STOCKHOLDER COMMUNICATIONS WITH THE BOARD OF DIRECTORS
Stockholders may communicate with the board of directors or any of its directors. Stockholders who wish to communicate with the board of directors may do so by sending written communications addressed to our Secretary, c/o RREEF Property Trust, Inc., 875 Third Avenue, 26th floor, New York, New York, 10022, except in situations where such communications relate to accounting matters, in which case, stockholders should send such communications to the Chairman, RREEF Property Trust, Inc. Audit Committee at the address above. All communications will be compiled by our Secretary, who will determine whether they should be presented to our board of directors. The purpose of this screening is to avoid having our board of directors consider irrelevant or inappropriate communications (such as advertisements and solicitations). Our Secretary will submit all appropriate communications to our board of directors, the Audit Committee or the relevant individual director(s), as appropriate. All communications directed to the Audit Committee that relate to questionable accounting or auditing matters involving our company will be promptly and directly forwarded to the Audit Committee.

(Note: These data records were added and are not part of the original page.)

text \<open>
  Write s and q for the sums of the multiplicities and of their squares.  Ampleness gives
  t > sqrt n, so the hypothesis 2 A_t.D <= A_t.K, i.e. (2d + 3) t <= n + 2s, yields
  (2d + 3)^2 n < (n + 2s)^2.  Since 8 chi(D) + 1 = (2d + 3)^2 - 4(q + s), this becomes
  (8 chi(D) + 1) n < n^2 - 4(nq - s^2).  For a balanced class that is l steps away from
  equal multiplicities, nq - s^2 = l(n - l), so the right-hand side is (n - 2l)^2.
  For 10 <= n <= 12 the integrality of chi(D) leaves only chi(D) = 1 and l = 0.
  Being l steps away already forces the multiplicities to take two adjacent values.
\<close>

lemma intersect_A_cls_int_class:
  "intersect n (A_cls t) (int_class d m) = t * of_int d - (\<Sum>i<n. of_int (m i))"
  by (simp add: intersect_def A_cls_def int_class_def)

lemma intersect_A_cls_K_cls: "intersect n (A_cls t) K_cls = real n - 3 * t"
  by (simp add: intersect_def A_cls_def K_cls_def sum_negf)

lemma intersect_A_cls_self: "intersect n (A_cls t) (A_cls t) = t\<^sup>2 - real n"
  by (simp add: intersect_def A_cls_def power2_eq_square)

lemma chi_eq:
  "chi n d m = 1 + of_int (d\<^sup>2 + 3 * d - (\<Sum>i<n. (m i)\<^sup>2 + m i)) / 2"
  by (simp add: chi_def intersect_def int_class_def K_cls_def sum_negf sum.distrib
      power2_eq_square field_simps)

lemma chi_Ints: "chi n d m \<in> \<int>"
proof -
  have "even (d\<^sup>2 + 3 * d - (\<Sum>i<n. (m i)\<^sup>2 + m i))"
    by (auto intro: dvd_sum simp: power2_eq_square)
  then obtain w where "d\<^sup>2 + 3 * d - (\<Sum>i<n. (m i)\<^sup>2 + m i) = 2 * w" ..
  then have "chi n d m = of_int (1 + w)"
    by (simp add: chi_eq)
  then show ?thesis by simp
qed

lemma effective_line_class: "effective n 1 (\<lambda>_. 0)"
  unfolding effective_def
proof (intro conjI allI impI)
  fix p :: "nat \<Rightarrow> cpoint"
  have "(1, 0, 0) \<in> monomials 1"
    by (simp add: monomials_def)
  then have "hpoly_nonzero 1 (\<lambda>_. 1)"
    unfolding hpoly_nonzero_def by auto
  then show "\<exists>f. hpoly_nonzero (nat 1) f \<and>
      (\<forall>i<n. mult_ge (nat 1) f (p i) (nat (max ((\<lambda>_. 0::int) i) 0)))"
    by (auto simp: mult_ge_def)
qed simp

lemma ample_A_imp_sqrt_less:
  assumes "ample_A n t"
  shows "sqrt (real n) < t"
proof -
  have "intersect n (A_cls t) (int_class 1 (\<lambda>_. 0)) > 0"
    using assms effective_line_class unfolding ample_A_def by auto
  then have "t > 0"
    by (simp add: intersect_A_cls_int_class)
  moreover have "real n < t\<^sup>2"
    using assms by (simp add: ample_A_def intersect_A_cls_self)
  ultimately show ?thesis
    by (metis abs_of_pos real_sqrt_abs real_sqrt_less_mono)
qed

lemma chi_bound_variance:
  fixes n :: nat and m :: "nat \<Rightarrow> int" and s q :: real
  defines "s \<equiv> (\<Sum>i<n. of_int (m i))" and "q \<equiv> (\<Sum>i<n. (of_int (m i))\<^sup>2)"
  assumes "ample_A n t" and "0 \<le> d"
    and "2 * intersect n (A_cls t) (int_class d m) \<le> intersect n (A_cls t) K_cls"
  shows "(8 * chi n d m + 1) * real n < (real n)\<^sup>2 - 4 * (real n * q - s\<^sup>2)"
proof -
  have "(2 * of_int d + 3) * sqrt (real n) < (2 * of_int d + 3) * t"
    using ample_A_imp_sqrt_less[OF assms(3)] assms(4) by (intro mult_strict_left_mono) auto
  also have "\<dots> \<le> real n + 2 * s"
    using assms(5) by (simp add: intersect_A_cls_int_class intersect_A_cls_K_cls s_def
        algebra_simps)
  finally have "((2 * of_int d + 3) * sqrt (real n))\<^sup>2 < (real n + 2 * s)\<^sup>2"
    using assms(4) by (intro power_strict_mono) auto
  then have square_bound: "(2 * of_int d + 3)\<^sup>2 * real n < (real n + 2 * s)\<^sup>2"
    by (simp add: power_mult_distrib)
  have chi_id: "8 * chi n d m + 1 = (2 * of_int d + 3)\<^sup>2 - 4 * (q + s)"
    by (simp add: chi_eq s_def q_def sum.distrib power2_eq_square field_simps)
  have "(8 * chi n d m + 1) * real n = (2 * of_int d + 3)\<^sup>2 * real n - 4 * (q + s) * real n"
    by (simp only: chi_id left_diff_distrib)
  also have "\<dots> < (real n + 2 * s)\<^sup>2 - 4 * (q + s) * real n"
    using square_bound by linarith
  also have "\<dots> = (real n)\<^sup>2 - 4 * (real n * q - s\<^sup>2)"
    by (simp add: power2_eq_square algebra_simps)
  finally show ?thesis .
qed
lemma dyadic_le_lo:
  assumes "of_int k / 2 ^ n \<le> x"
  shows "of_int k / 2 ^ n \<le> dyadic_lo n x"
proof -
  have "of_int k \<le> x * 2 ^ n" using assms by (simp add: divide_le_eq)
  then have "k \<le> \<lfloor>x * 2 ^ n\<rfloor>" by (simp add: le_floor_iff)
  then show ?thesis unfolding dyadic_lo_def by (simp add: divide_right_mono)
qed

lemma dyadic_hi_le:
  assumes "x < of_int k / 2 ^ n"
  shows "dyadic_hi n x \<le> of_int k / 2 ^ n"
proof -
  have "x * 2 ^ n < of_int k" using assms by (simp add: less_divide_eq)
  then have "\<lfloor>x * 2 ^ n\<rfloor> < k" by (simp add: floor_less_iff)
  then have "\<lfloor>x * 2 ^ n\<rfloor> + 1 \<le> k" by simp
  then show ?thesis unfolding dyadic_hi_eq by (simp add: divide_right_mono)
qed

lemma dyadic_lo_eq:
  assumes "dyadic_lo n y \<le> x" "x < dyadic_hi n y"
  shows "dyadic_lo n x = dyadic_lo n y"
proof -
  have "of_int \<lfloor>y * 2 ^ n\<rfloor> \<le> x * 2 ^ n" "x * 2 ^ n < of_int \<lfloor>y * 2 ^ n\<rfloor> + 1"
    using assms unfolding dyadic_lo_def dyadic_hi_eq by (simp_all add: divide_le_eq less_divide_eq)
  then have "\<lfloor>x * 2 ^ n\<rfloor> = \<lfloor>y * 2 ^ n\<rfloor>" by (rule floor_unique)
  then show ?thesis unfolding dyadic_lo_def by simp
qed

lemma dyadic_rescale:
  assumes "m \<le> n"
  shows "of_int k / 2 ^ m = of_int (k * 2 ^ (n - m)) / (2 ^ n :: real)"
proof -
  obtain j where "n = m + j" using assms by (metis le_add_diff_inverse)
  then show ?thesis by (simp add: power_add)
qed

lemma dyadic_lo_mono:
  assumes "m \<le> n"
  shows "dyadic_lo m x \<le> dyadic_lo n x"
proof -
  have eq: "dyadic_lo m x = of_int (\<lfloor>x * 2 ^ m\<rfloor> * 2 ^ (n - m)) / 2 ^ n"
    unfolding dyadic_lo_def using assms by (rule dyadic_rescale)
  with dyadic_lo_le[of m x] have "of_int (\<lfloor>x * 2 ^ m\<rfloor> * 2 ^ (n - m)) / 2 ^ n \<le> x"
    by simp
  then have "of_int (\<lfloor>x * 2 ^ m\<rfloor> * 2 ^ (n - m)) / 2 ^ n \<le> dyadic_lo n x"
    by (rule dyadic_le_lo)
  with eq show ?thesis by simp
qed

lemma dyadic_hi_antimono:
  assumes "m \<le> n"
  shows "dyadic_hi n x \<le> dyadic_hi m x"
proof -
  have eq: "dyadic_hi m x = of_int ((\<lfloor>x * 2 ^ m\<rfloor> + 1) * 2 ^ (n - m)) / 2 ^ n"
    unfolding dyadic_hi_eq using assms by (rule dyadic_rescale)
  with less_dyadic_hi[of x m] have "x < of_int ((\<lfloor>x * 2 ^ m\<rfloor> + 1) * 2 ^ (n - m)) / 2 ^ n"
    by simp
  then have "dyadic_hi n x \<le> of_int ((\<lfloor>x * 2 ^ m\<rfloor> + 1) * 2 ^ (n - m)) / 2 ^ n"
    by (rule dyadic_hi_le)
  with eq show ?thesis by simp
qed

INCORPORATION BY REFERENCE
This proxy statement includes several website addresses. These website addresses are intended to provide inactive, textual references only. The information on these websites is not part of this proxy statement.
OTHER MATTERS
Our management does not know of any other matters to come before the Annual Meeting. If, however, any other matters do come before the Annual Meeting, it is the intention of the persons designated as proxies to vote in accordance with their discretion on such matters.
By Order of the Board of Directors
/s/ Vikram Mehra
Vikram Mehra
Secretary
March 30, 2020
A copy of our Annual Report on Form 10-K for the fiscal year ended December 31, 2019 is available without charge upon written request to RREEF Property Trust, Inc., PO Box 219985, Kansas City, Missouri 64121-9985.